Dataset entries
(* Assume $z>w>x>y$, $w+x>z+y$, $w>0$, $z>0$, that $G$ is connected, that $\boldsymbol\psi>\mathbf 0$ and $\boldsymbol\eta\in[0,1]^n$ are time-invariant, and that each $\lambda_i(t)>0$ is increasing in $t$ with $\lim_{t\to\infty}\lambda_i(t)=\infty$. Then for every initial condition $\mathbf q(0)\in\mathbb R^n$ there exist a vector $\underline{\boldsymbol\lambda}>\mathbf 0$ and a number $\underline T>0$ such that if $\lambda_i(t)<\underline\lambda_i$ for all $i$ and all $t<\underline T$, then all players favour the risk-dominant action $D$ as $t\to\infty$ (i.e., $q_i(t)>0$ for all $i$ and all sufficiently large $t$).
   Context: There are $n$ agents on an undirected simple graph with symmetric adjacency matrix $G\in\{0,1\}^{n\times n}$, $G_{ii}=0$; $N_i=\{j:G_{ij}=1\}$. Actions are $C$ and $D$. The stage payoff to an agent playing the row action against a neighbour playing the column action is $u(C,C)=z$, $u(C,D)=y$, $u(D,C)=x$, $u(D,D)=w$. The state is $\mathbf q(t)\in\mathbb R^n$ ($q_i$ = attraction of $D$ minus attraction of $C$ for agent $i$), $p_i(t)=1/(1+e^{-\lambda_i(t) q_i(t)})$, and the (non-autonomous) dynamics are $$\dot q_i=-\psi_i q_i+\big(p_i+\eta_i(1-p_i)\big)\sum_{j\in N_i}\big(p_jw+(1-p_j)x\big)-\big(1-p_i+\eta_ip_i\big)\sum_{j\in N_i}\big(p_jy+(1-p_j)z\big).$$ *)

theory Defs
  imports "HOL-Analysis.Analysis"
begin

definition logistic_p :: "real \<Rightarrow> real \<Rightarrow> real" where
  "logistic_p lam qi = 1 / (1 + exp (- lam * qi))"

definition graph_connected :: "('n \<Rightarrow> 'n \<Rightarrow> bool) \<Rightarrow> bool" where
  "graph_connected G \<longleftrightarrow> (\<forall>i j. G\<^sup>*\<^sup>* i j)"

text \<open>Right-hand side of the dynamics for agent i, given the current
  rationality levels lamv (one per agent) and the current state qv.
  Payoffs: u(C,C)=z, u(C,D)=y, u(D,C)=x, u(D,D)=w.\<close>
definition dyn_rhs ::
  "('n::finite \<Rightarrow> 'n \<Rightarrow> bool) \<Rightarrow> real \<Rightarrow> real \<Rightarrow> real \<Rightarrow> real \<Rightarrow>
   ('n \<Rightarrow> real) \<Rightarrow> ('n \<Rightarrow> real) \<Rightarrow> ('n \<Rightarrow> real) \<Rightarrow> ('n \<Rightarrow> real) \<Rightarrow> 'n \<Rightarrow> real" where
  "dyn_rhs G x y z w psi eta lamv qv i =
     (let p = (\<lambda>j. logistic_p (lamv j) (qv j)) in
      - psi i * qv i
      + (p i + eta i * (1 - p i)) * (\<Sum>j\<in>{j. G i j}. p j * w + (1 - p j) * x)
      - (1 - p i + eta i * p i) * (\<Sum>j\<in>{j. G i j}. p j * y + (1 - p j) * z))"

end

theory Submission
  imports Defs
begin

text \<open>
  Write the dynamics as \<open>q\<^sub>i' = - \<psi>\<^sub>i q\<^sub>i + A\<^sub>i(t)\<close>, where \<open>A\<^sub>i\<close> is the expected gain of D over C
  accumulated over the neighbours of i. The gain is bounded by \<open>M = n (|w| + |x| + |y| + |z|)\<close>,
  so \<open>|q\<^sub>i|\<close> never exceeds \<open>|q\<^sub>i(0)| + M / \<psi>\<^sub>i\<close>. While all \<open>\<lambda>\<^sub>j\<close> are small, every choice
  probability is therefore close to 1/2, and risk dominance \<open>w + x > y + z\<close> gives every \<open>A\<^sub>i\<close>
  a uniform positive lower bound; this drives all \<open>q\<^sub>i\<close> positive within a warm-up time
  determined by \<open>q(0)\<close>. From then on the positive orthant is forward invariant: where
  \<open>q\<^sub>i = 0\<close> and all \<open>q\<^sub>j \<ge> 0\<close>, agent i is indifferent while its neighbours lean towards D,
  so \<open>A\<^sub>i > 0\<close>.
\<close>

section \<open>Logistic choice probabilities\<close>

lemma logistic_p_bounds: "0 < logistic_p l s" "logistic_p l s < 1"
  unfolding logistic_p_def by (auto simp: field_simps add_pos_pos)

lemma logistic_p_zero: "logistic_p l 0 = 1 / 2"
  unfolding logistic_p_def by simp

lemma logistic_p_minus: "logistic_p l (- s) = 1 - logistic_p l s"
proof -
  have "0 < 1 + exp (l * s)" by (simp add: add_pos_pos)
  then show ?thesis
    unfolding logistic_p_def by (simp add: exp_minus field_simps)
qed

lemma logistic_p_sub_half_le:
  assumes "0 \<le> l * s"
  shows "0 \<le> logistic_p l s - 1 / 2" "logistic_p l s - 1 / 2 \<le> l * s / 2"
proof -
  define E where "E = exp (- (l * s))"
  have E: "0 < E" "E \<le> 1" "1 - l * s \<le> E"
    using assms exp_ge_add_one_self[of "- (l * s)"] by (auto simp: E_def)
  have "logistic_p l s = 1 / (1 + E)"
    by (simp add: logistic_p_def E_def)
  then have half: "logistic_p l s - 1 / 2 = (1 - E) / (2 * (1 + E))"
    using E by (simp add: field_simps)
  show "0 \<le> logistic_p l s - 1 / 2"
    unfolding half using E by simp
  have "(1 - E) / (2 * (1 + E)) \<le> (1 - E) / 2"
    using E by (intro divide_left_mono) auto
  also have "\<dots> \<le> l * s / 2"
    using E by simp
  finally show "logistic_p l s - 1 / 2 \<le> l * s / 2"
    unfolding half .
qed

(Exercise description): Search the entries above for the string "unfolding", and report each line where it occurs.

(Output):
  unfolding logistic_p_def by (auto simp: field_simps add_pos_pos)
  unfolding logistic_p_def by simp
    unfolding logistic_p_def by (simp add: exp_minus field_simps)
    unfolding half using E by simp
    unfolding half .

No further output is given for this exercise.